■ **EXERCISE OBJECTIVE**:
Copy exactly the lines of the data below that run from the line holding "using a'b' y\<^sub>0\<^sub>1 by linarith" through the line holding "using a'b' by (auto simp: h_def)", both ends included.

- - -

text \<open>Separation of variables: the solution of \<open>y' = f y\<close> is the inverse of the time function
  \<open>x \<mapsto> \<integral> 1/f\<close>.\<close>
lemma separable_ode_solution:
  fixes f :: "real \<Rightarrow> real"
  assumes cont: "continuous_on {a..b} f" and pos: "\<And>x. x \<in> {a..b} \<Longrightarrow> 0 < f x"
    and y\<^sub>0: "a < y\<^sub>0" and y\<^sub>0\<^sub>1: "y\<^sub>0 \<le> y\<^sub>1" and y\<^sub>1: "y\<^sub>1 < b"
  defines "T \<equiv> integral {y\<^sub>0..y\<^sub>1} (\<lambda>x. 1 / f x)"
  obtains y where "y 0 = y\<^sub>0" and "y T = y\<^sub>1"
    and "\<And>t. t \<in> {0..T} \<Longrightarrow> y t \<in> {a..b} \<and> (y has_real_derivative f (y t)) (at t)"
proof -
  define h where "h x = 1 / f x" for x
  have cont_h: "continuous_on {a..b} h"
    unfolding h_def using pos by (intro continuous_intros cont) force
  define F where "F x = integral {a..x} h" for x
  \<comment> \<open>\<open>F\<close> is differentiable only inside \<open>{a..b}\<close>; the margins keep the inversion there.\<close>
  define a' b' where "a' = (a + y\<^sub>0) / 2" and "b' = (y\<^sub>1 + b) / 2"
  have a'b': "a < a'" "a' < y\<^sub>0" "y\<^sub>1 < b'" "b' < b"
    using y\<^sub>0 y\<^sub>0\<^sub>1 y\<^sub>1 by (auto simp: a'_def b'_def)
  have dF: "DERIV F x :> h x" if "x \<in> {a'..b'}" for x
  proof -
    have "(F has_real_derivative h x) (at x within {a..b})"
      unfolding F_def using that a'b' by (intro integral_has_real_derivative[OF cont_h]) auto
    moreover have "at x within {a..b} = at x"
      using that a'b' by (intro at_within_interior) auto
    ultimately show ?thesis by simp
  qed
  have hpos: "0 < h x" if "x \<in> {a'..b'}" for x
    using pos that a'b' by (simp add: h_def)
  have mono: "strict_mono_on {a'..b'} F"
    by (rule strict_mono_on_if_DERIV_pos[OF dF hpos])
  have "a' \<le> b'"
    using a'b' y\<^sub>0\<^sub>1 by linarith
  obtain g where gF: "\<And>x. x \<in> {a'..b'} \<Longrightarrow> g (F x) = x"
    and dg: "\<And>t. t \<in> {F a'<..<F b'} \<Longrightarrow> g t \<in> {a'..b'} \<and> DERIV g t :> inverse (h (g t))"
    using DERIV_inverse_function_Icc[OF \<open>a' \<le> b'\<close> dF hpos] by blast
  have T: "T = F y\<^sub>1 - F y\<^sub>0"
  proof -
    have "h integrable_on {a..y\<^sub>1}"
      using y\<^sub>1 by (intro integrable_continuous_interval continuous_on_subset[OF cont_h]) auto
    then have "integral {a..y\<^sub>0} h + integral {y\<^sub>0..y\<^sub>1} h = integral {a..y\<^sub>1} h"
      by (rule Henstock_Kurzweil_Integration.integral_combine[OF less_imp_le[OF y\<^sub>0] y\<^sub>0\<^sub>1])
    then show ?thesis
      by (simp add: T_def F_def h_def[abs_def])
  qed
  show thesis
  proof (rule that[of "\<lambda>t. g (t + F y\<^sub>0)"])
    have "y\<^sub>0 \<in> {a'..b'}" "y\<^sub>1 \<in> {a'..b'}"
      using a'b' y\<^sub>0\<^sub>1 by auto
    then show "g (0 + F y\<^sub>0) = y\<^sub>0" "g (T + F y\<^sub>0) = y\<^sub>1"
      using gF by (simp_all add: T)
    fix t assume "t \<in> {0..T}"
    moreover have "F a' < F y\<^sub>0" "F y\<^sub>1 < F b'"
      using strict_mono_onD[OF mono] a'b' y\<^sub>0\<^sub>1 by simp_all
    ultimately have "t + F y\<^sub>0 \<in> {F a'<..<F b'}"
      by (simp add: T)
    from dg[OF this] have "g (t + F y\<^sub>0) \<in> {a..b}"
      and "(g has_real_derivative f (g (t + F y\<^sub>0))) (at (t + F y\<^sub>0))"
      using a'b' by (auto simp: h_def)
    then show "g (t + F y\<^sub>0) \<in> {a..b} \<and> ((\<lambda>t. g (t + F y\<^sub>0)) has_real_derivative f (g (t + F y\<^sub>0))) (at t)"
      by (simp add: DERIV_shift)
  qed
qed

lemma antiderivative_diff_le_integral:
  fixes \<Psi> \<psi> h :: "real \<Rightarrow> real"
  assumes "a \<le> b" and "\<And>x. x \<in> {a..b} \<Longrightarrow> (\<Psi> has_real_derivative \<psi> x) (at x within {a..b})"
    and "\<And>x. x \<in> {a..b} \<Longrightarrow> \<psi> x \<le> h x" and "h integrable_on {a..b}"
  shows "\<Psi> b - \<Psi> a \<le> integral {a..b} h"
proof -
  have "(\<psi> has_integral \<Psi> b - \<Psi> a) {a..b}"
    using assms by (intro fundamental_theorem_of_calculus) (auto simp: has_real_derivative_iff_has_vector_derivative)
  then show ?thesis
    using assms(3,4) by (intro has_integral_le[OF _ integrable_integral]) auto
qed

lemma integral_le_antiderivative_diff:
  fixes \<Psi> \<psi> h :: "real \<Rightarrow> real"
  assumes "a \<le> b" and "\<And>x. x \<in> {a..b} \<Longrightarrow> (\<Psi> has_real_derivative \<psi> x) (at x within {a..b})"
    and "\<And>x. x \<in> {a..b} \<Longrightarrow> h x \<le> \<psi> x" and "h integrable_on {a..b}"
  shows "integral {a..b} h \<le> \<Psi> b - \<Psi> a"
proof -
  have "(\<psi> has_integral \<Psi> b - \<Psi> a) {a..b}"
    using assms by (intro fundamental_theorem_of_calculus) (auto simp: has_real_derivative_iff_has_vector_derivative)
  then show ?thesis
    using assms(3,4) by (intro has_integral_le[OF integrable_integral]) auto
qed

text \<open>The speed of \<open>I\<^sub>p\<close> on the invariant plane \<open>\<theta>\<^sub>1 = 0\<close>, \<open>\<theta>\<^sub>p = \<pi>/2\<close>, \<open>I\<^sub>1 + p I\<^sub>p = c\<close>.\<close>
definition resonant_speed :: "nat \<Rightarrow> real \<Rightarrow> real \<Rightarrow> real" where
  "resonant_speed p c s = sqrt 2 powr (1 - real p) * (c - real p * s) powr (real p / 2) * sqrt s"

lemma resonant_speed_pos: "0 < s \<Longrightarrow> real p * s < c \<Longrightarrow> 0 < resonant_speed p c s"
  by (simp add: resonant_speed_def)

lemma continuous_on_resonant_speed:
  assumes "\<And>s. s \<in> S \<Longrightarrow> real p * s < c"
  shows "continuous_on S (resonant_speed p c)"
  unfolding resonant_speed_def[abs_def] using assms by (intro continuous_intros) force+

lemma inverse_resonant_speed_integrable:
  assumes "0 < a" and "real p * b < c"
  shows "(\<lambda>s. 1 / resonant_speed p c s) integrable_on {a..b}"
proof (intro integrable_continuous_interval continuous_intros)
  have s: "0 < s \<and> real p * s < c" if "s \<in> {a..b}" for s
    using assms that mult_left_mono[of s b "real p"] by auto
  then show "continuous_on {a..b} (resonant_speed p c)"
    by (intro continuous_on_resonant_speed) blast
  show "\<forall>s\<in>{a..b}. resonant_speed p c s \<noteq> 0"
    using s resonant_speed_pos by (metis less_irrefl)
qed

lemma hamiltonian_orbit_resonant:
  assumes "\<And>t. t \<in> {0..T} \<Longrightarrow> 0 < Ip t \<and> real p * Ip t < c \<and>
      (Ip has_real_derivative resonant_speed p c (Ip t)) (at t within {0..T})"
  shows "hamiltonian_orbit p T (\<lambda>_. 0) (\<lambda>_. pi / 2) (\<lambda>t. c - real p * Ip t) Ip"
  unfolding hamiltonian_orbit_def
proof (intro ballI)
  fix t assume "t \<in> {0..T}"
  then have pos: "0 < Ip t" "real p * Ip t < c"
    and dIp: "(Ip has_real_derivative resonant_speed p c (Ip t)) (at t within {0..T})"
    using assms by auto
  have dI1: "((\<lambda>t. c - real p * Ip t) has_real_derivative - (real p * resonant_speed p c (Ip t)))
      (at t within {0..T})"
    by (auto intro!: derivative_eq_intros dIp)
  have flat: "(\<lambda>x. Gplus p 0 (pi / 2) x v) = (\<lambda>_. 0)" "(\<lambda>x. Gplus p 0 (pi / 2) u x) = (\<lambda>_. 0)"
    for u v by (auto simp: Gplus_def)
  have d_th1: "deriv (\<lambda>x. Gplus p x (pi / 2) u v) 0 =
      real p * (sqrt 2 powr (1 - real p) * u powr (real p / 2) * sqrt v)" for u v
    by (rule DERIV_imp_deriv) (auto simp: Gplus_def intro!: derivative_eq_intros)
  have d_thp: "deriv (\<lambda>x. Gplus p 0 x u v) (pi / 2) =
      - (sqrt 2 powr (1 - real p) * u powr (real p / 2) * sqrt v)" for u v
    by (rule DERIV_imp_deriv) (auto simp: Gplus_def intro!: derivative_eq_intros)
  show "0 < c - real p * Ip t \<and> 0 < Ip t \<and>
    ((\<lambda>_. 0) has_real_derivative deriv (\<lambda>x. Gplus p 0 (pi / 2) x (Ip t)) (c - real p * Ip t))
      (at t within {0..T}) \<and>
    ((\<lambda>_. pi / 2) has_real_derivative deriv (\<lambda>x. Gplus p 0 (pi / 2) (c - real p * Ip t) x) (Ip t))
      (at t within {0..T}) \<and>
    ((\<lambda>t. c - real p * Ip t) has_real_derivative - deriv (\<lambda>x. Gplus p x (pi / 2) (c - real p * Ip t) (Ip t)) 0)
      (at t within {0..T}) \<and>
    (Ip has_real_derivative - deriv (\<lambda>x. Gplus p 0 x (c - real p * Ip t) (Ip t)) (pi / 2))
      (at t within {0..T})"
    using pos dIp dI1 by (simp add: flat d_th1 d_thp resonant_speed_def)
qed

lemma inverse_resonant_speed_lower:
  fixes p :: nat and c s :: real
  assumes p: "p \<ge> 2" and s: "0 < s" "real p * s < c"
  shows "(1 / sqrt s + real p / c * sqrt s) / (sqrt 2 powr (1 - real p) * c powr (real p / 2))
    \<le> 1 / resonant_speed p c s"
proof -
  have "0 < real p * s"
    using p s by simp
  then have c: "0 < c"
    using s by linarith
  define r where "r = (c - real p * s) / c"
  have r: "0 < r" "r \<le> 1"
    using s c \<open>0 < real p * s\<close> by (auto simp: r_def)
  have split: "(c - real p * s) powr (real p / 2) = c powr (real p / 2) * r powr (real p / 2)"
  proof -
    have "c - real p * s = c * r"
      using c by (simp add: r_def)
    then show ?thesis
      using c r by (simp add: powr_mult)
  qed
  have "r powr (real p / 2) \<le> r powr 1"
    using r p by (intro powr_mono') auto
  then have "(1 + real p * s / c) * r powr (real p / 2) \<le> (1 + real p * s / c) * r"
    using r s c by (intro mult_left_mono) auto
  also have "\<dots> = 1 - (real p * s / c)\<^sup>2"
    using c by (simp add: r_def field_simps power2_eq_square)
  finally have "(1 + real p * s / c) * r powr (real p / 2) \<le> 1"
    using zero_le_power2[of "real p * s / c"] by linarith
  then have bound: "1 + real p * s / c \<le> 1 / r powr (real p / 2)"
    using r by (simp add: le_divide_eq)
  have "(1 + real p * s / c) / sqrt s = 1 / sqrt s + real p / c * (s / sqrt s)"
    by (simp add: add_divide_distrib)
  then have sqrt_form: "1 / sqrt s + real p / c * sqrt s = (1 + real p * s / c) / sqrt s"
    using real_div_sqrt[of s] s by simp
  define A where "A = sqrt 2 powr (1 - real p) * c powr (real p / 2)"
  have "(1 / sqrt s + real p / c * sqrt s) / A = (1 + real p * s / c) / (A * sqrt s)"
    unfolding sqrt_form by (simp add: mult.commute)
  also have "\<dots> \<le> (1 / r powr (real p / 2)) / (A * sqrt s)"
    using bound c s by (intro divide_right_mono) (auto simp: A_def)
  also have "\<dots> = 1 / resonant_speed p c s"
    unfolding resonant_speed_def split A_def by (simp add: mult_ac)
  finally show ?thesis
    by (simp only: A_def)
qed

lemma inverse_resonant_speed_upper:
  fixes p :: nat and c s :: real
  assumes p: "p \<ge> 2" and s: "0 < s" "real p * s \<le> c / real p"
  shows "1 / resonant_speed p c s
    \<le> 1 / (sqrt 2 powr (1 - real p) * (c * (1 - 1 / real p)) powr (real p / 2) * sqrt s)"
proof -
  have "0 < real p * s"
    using p s by simp
  then have "0 < c / real p"
    using s by linarith
  then have q: "0 < c * (1 - 1 / real p)"
    using p by (simp add: field_simps)
  moreover have "c * (1 - 1 / real p) \<le> c - real p * s"
    using s by (simp add: right_diff_distrib)
  ultimately have "(c * (1 - 1 / real p)) powr (real p / 2) \<le> (c - real p * s) powr (real p / 2)"
    by (intro powr_mono2) auto
  then have "sqrt 2 powr (1 - real p) * (c * (1 - 1 / real p)) powr (real p / 2) * sqrt s
      \<le> resonant_speed p c s"
    unfolding resonant_speed_def using s by (intro mult_right_mono mult_left_mono) auto
  moreover have "0 < (c * (1 - 1 / real p)) powr (real p / 2)"
    unfolding powr_gt_zero using q by linarith
  then have "0 < sqrt 2 powr (1 - real p) * (c * (1 - 1 / real p)) powr (real p / 2) * sqrt s"
    using s by simp
  ultimately show ?thesis
    by (intro divide_left_mono) (auto intro: mult_pos_pos)
qed

lemma integral_inverse_resonant_speed_ge:
  fixes p :: nat and a b c :: real
  assumes p: "p \<ge> 2" and a: "0 < a" "a \<le> b" and b: "real p * b < c"
  shows "(2 * (sqrt b - sqrt a) + 2 * real p / (3 * c) * (b * sqrt b - a * sqrt a))
      / (sqrt 2 powr (1 - real p) * c powr (real p / 2))
    \<le> integral {a..b} (\<lambda>s. 1 / resonant_speed p c s)"
proof -
  have "0 < real p * b"
    using p a by simp
  with b have c: "0 < c"
    by linarith
  define A where "A = sqrt 2 powr (1 - real p) * c powr (real p / 2)"
  define k where "k = 2 * real p / (3 * c)"
  define \<Psi> where "\<Psi> s = (2 * sqrt s + k * (s * sqrt s)) / A" for s
  have "\<Psi> b - \<Psi> a \<le> integral {a..b} (\<lambda>s. 1 / resonant_speed p c s)"
  proof (rule antiderivative_diff_le_integral[where \<psi> = "\<lambda>s. (1 / sqrt s + real p / c * sqrt s) / A"])
    fix x assume x: "x \<in> {a..b}"
    then have "0 < x"
      using a by simp
    have "((\<lambda>s. 2 * sqrt s + k * (s * sqrt s)) has_real_derivative
        2 * (inverse (sqrt x) / 2) + k * (1 * sqrt x + inverse (sqrt x) / 2 * x)) (at x)"
      using \<open>0 < x\<close> by (intro DERIV_add DERIV_cmult DERIV_mult DERIV_ident DERIV_real_sqrt)
    \<comment> \<open>Stated for an abstract \<open>q = \<surd>x\<close>, keeping \<open>\<surd>x * \<surd>x\<close> out of the field arithmetic.\<close>
    moreover have "2 * (inverse q / 2) + k * (1 * q + inverse q / 2 * (q * q)) = 1 / q + real p / c * q"
      if "0 < q" for q
      using that c by (simp add: k_def field_simps)
    from this[of "sqrt x"] have "2 * (inverse (sqrt x) / 2) + k * (1 * sqrt x + inverse (sqrt x) / 2 * x)
        = 1 / sqrt x + real p / c * sqrt x"
      using \<open>0 < x\<close> by simp
    ultimately have "((\<lambda>s. 2 * sqrt s + k * (s * sqrt s)) has_real_derivative
        1 / sqrt x + real p / c * sqrt x) (at x)"
      by (rule DERIV_cong)
    then show "(\<Psi> has_real_derivative (1 / sqrt x + real p / c * sqrt x) / A) (at x within {a..b})"
      unfolding \<Psi>_def by (rule has_field_derivative_at_within[OF DERIV_cdivide])
    have "real p * x \<le> real p * b"
      using x by (intro mult_left_mono) auto
    then show "(1 / sqrt x + real p / c * sqrt x) / A \<le> 1 / resonant_speed p c x"
      using inverse_resonant_speed_lower[OF p \<open>0 < x\<close>] b by (simp add: A_def)
  qed (use a b in \<open>auto intro: inverse_resonant_speed_integrable\<close>)
  moreover have "\<Psi> b - \<Psi> a = (2 * (sqrt b - sqrt a) + k * (b * sqrt b - a * sqrt a)) / A"
    by (simp add: \<Psi>_def diff_divide_distrib add_divide_distrib right_diff_distrib)
  ultimately show ?thesis
    by (simp only: A_def k_def)
qed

- - -

■ **TASK RESULT**:
    using a'b' y\<^sub>0\<^sub>1 by linarith
  obtain g where gF: "\<And>x. x \<in> {a'..b'} \<Longrightarrow> g (F x) = x"
    and dg: "\<And>t. t \<in> {F a'<..<F b'} \<Longrightarrow> g t \<in> {a'..b'} \<and> DERIV g t :> inverse (h (g t))"
    using DERIV_inverse_function_Icc[OF \<open>a' \<le> b'\<close> dF hpos] by blast
  have T: "T = F y\<^sub>1 - F y\<^sub>0"
  proof -
    have "h integrable_on {a..y\<^sub>1}"
      using y\<^sub>1 by (intro integrable_continuous_interval continuous_on_subset[OF cont_h]) auto
    then have "integral {a..y\<^sub>0} h + integral {y\<^sub>0..y\<^sub>1} h = integral {a..y\<^sub>1} h"
      by (rule Henstock_Kurzweil_Integration.integral_combine[OF less_imp_le[OF y\<^sub>0] y\<^sub>0\<^sub>1])
    then show ?thesis
      by (simp add: T_def F_def h_def[abs_def])
  qed
  show thesis
  proof (rule that[of "\<lambda>t. g (t + F y\<^sub>0)"])
    have "y\<^sub>0 \<in> {a'..b'}" "y\<^sub>1 \<in> {a'..b'}"
      using a'b' y\<^sub>0\<^sub>1 by auto
    then show "g (0 + F y\<^sub>0) = y\<^sub>0" "g (T + F y\<^sub>0) = y\<^sub>1"
      using gF by (simp_all add: T)
    fix t assume "t \<in> {0..T}"
    moreover have "F a' < F y\<^sub>0" "F y\<^sub>1 < F b'"
      using strict_mono_onD[OF mono] a'b' y\<^sub>0\<^sub>1 by simp_all
    ultimately have "t + F y\<^sub>0 \<in> {F a'<..<F b'}"
      by (simp add: T)
    from dg[OF this] have "g (t + F y\<^sub>0) \<in> {a..b}"
      and "(g has_real_derivative f (g (t + F y\<^sub>0))) (at (t + F y\<^sub>0))"
      using a'b' by (auto simp: h_def)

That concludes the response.